(Material shown Opens)

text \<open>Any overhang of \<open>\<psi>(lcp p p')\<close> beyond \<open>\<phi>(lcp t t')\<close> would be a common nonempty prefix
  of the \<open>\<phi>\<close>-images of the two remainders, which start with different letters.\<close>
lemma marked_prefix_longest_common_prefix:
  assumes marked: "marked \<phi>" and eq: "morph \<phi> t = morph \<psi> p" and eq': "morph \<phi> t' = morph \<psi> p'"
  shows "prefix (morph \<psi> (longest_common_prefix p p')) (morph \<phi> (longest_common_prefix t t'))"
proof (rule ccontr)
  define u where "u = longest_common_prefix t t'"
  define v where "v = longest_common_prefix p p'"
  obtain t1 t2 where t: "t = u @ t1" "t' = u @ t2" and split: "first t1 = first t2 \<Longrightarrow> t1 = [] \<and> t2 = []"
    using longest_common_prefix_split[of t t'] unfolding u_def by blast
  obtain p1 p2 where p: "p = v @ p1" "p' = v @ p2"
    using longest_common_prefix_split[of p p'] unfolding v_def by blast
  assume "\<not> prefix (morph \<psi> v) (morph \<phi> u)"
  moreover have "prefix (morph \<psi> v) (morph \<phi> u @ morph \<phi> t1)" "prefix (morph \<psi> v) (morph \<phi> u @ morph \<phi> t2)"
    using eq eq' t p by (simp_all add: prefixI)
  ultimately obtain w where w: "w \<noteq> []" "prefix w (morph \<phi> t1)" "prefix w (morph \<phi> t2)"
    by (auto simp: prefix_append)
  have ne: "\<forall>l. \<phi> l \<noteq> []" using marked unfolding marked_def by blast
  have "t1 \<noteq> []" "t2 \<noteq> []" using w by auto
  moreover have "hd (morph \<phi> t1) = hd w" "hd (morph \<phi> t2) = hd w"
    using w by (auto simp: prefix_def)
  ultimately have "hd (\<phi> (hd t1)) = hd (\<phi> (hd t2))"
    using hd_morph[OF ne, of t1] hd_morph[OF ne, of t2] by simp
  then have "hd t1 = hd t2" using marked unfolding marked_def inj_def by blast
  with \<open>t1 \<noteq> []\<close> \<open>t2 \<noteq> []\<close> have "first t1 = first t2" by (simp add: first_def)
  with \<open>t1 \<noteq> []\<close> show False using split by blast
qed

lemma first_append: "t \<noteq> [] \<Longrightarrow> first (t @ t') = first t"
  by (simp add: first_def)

(Material shown Closes)

What is needed here is every record above, repeated exactly.

Answer for the task
text \<open>Any overhang of \<open>\<psi>(lcp p p')\<close> beyond \<open>\<phi>(lcp t t')\<close> would be a common nonempty prefix
  of the \<open>\<phi>\<close>-images of the two remainders, which start with different letters.\<close>
lemma marked_prefix_longest_common_prefix:
  assumes marked: "marked \<phi>" and eq: "morph \<phi> t = morph \<psi> p" and eq': "morph \<phi> t' = morph \<psi> p'"
  shows "prefix (morph \<psi> (longest_common_prefix p p')) (morph \<phi> (longest_common_prefix t t'))"
proof (rule ccontr)
  define u where "u = longest_common_prefix t t'"
  define v where "v = longest_common_prefix p p'"
  obtain t1 t2 where t: "t = u @ t1" "t' = u @ t2" and split: "first t1 = first t2 \<Longrightarrow> t1 = [] \<and> t2 = []"
    using longest_common_prefix_split[of t t'] unfolding u_def by blast
  obtain p1 p2 where p: "p = v @ p1" "p' = v @ p2"
    using longest_common_prefix_split[of p p'] unfolding v_def by blast
  assume "\<not> prefix (morph \<psi> v) (morph \<phi> u)"
  moreover have "prefix (morph \<psi> v) (morph \<phi> u @ morph \<phi> t1)" "prefix (morph \<psi> v) (morph \<phi> u @ morph \<phi> t2)"
    using eq eq' t p by (simp_all add: prefixI)
  ultimately obtain w where w: "w \<noteq> []" "prefix w (morph \<phi> t1)" "prefix w (morph \<phi> t2)"
    by (auto simp: prefix_append)
  have ne: "\<forall>l. \<phi> l \<noteq> []" using marked unfolding marked_def by blast
  have "t1 \<noteq> []" "t2 \<noteq> []" using w by auto
  moreover have "hd (morph \<phi> t1) = hd w" "hd (morph \<phi> t2) = hd w"
    using w by (auto simp: prefix_def)
  ultimately have "hd (\<phi> (hd t1)) = hd (\<phi> (hd t2))"
    using hd_morph[OF ne, of t1] hd_morph[OF ne, of t2] by simp
  then have "hd t1 = hd t2" using marked unfolding marked_def inj_def by blast
  with \<open>t1 \<noteq> []\<close> \<open>t2 \<noteq> []\<close> have "first t1 = first t2" by (simp add: first_def)
  with \<open>t1 \<noteq> []\<close> show False using split by blast
qed

lemma first_append: "t \<noteq> [] \<Longrightarrow> first (t @ t') = first t"
  by (simp add: first_def)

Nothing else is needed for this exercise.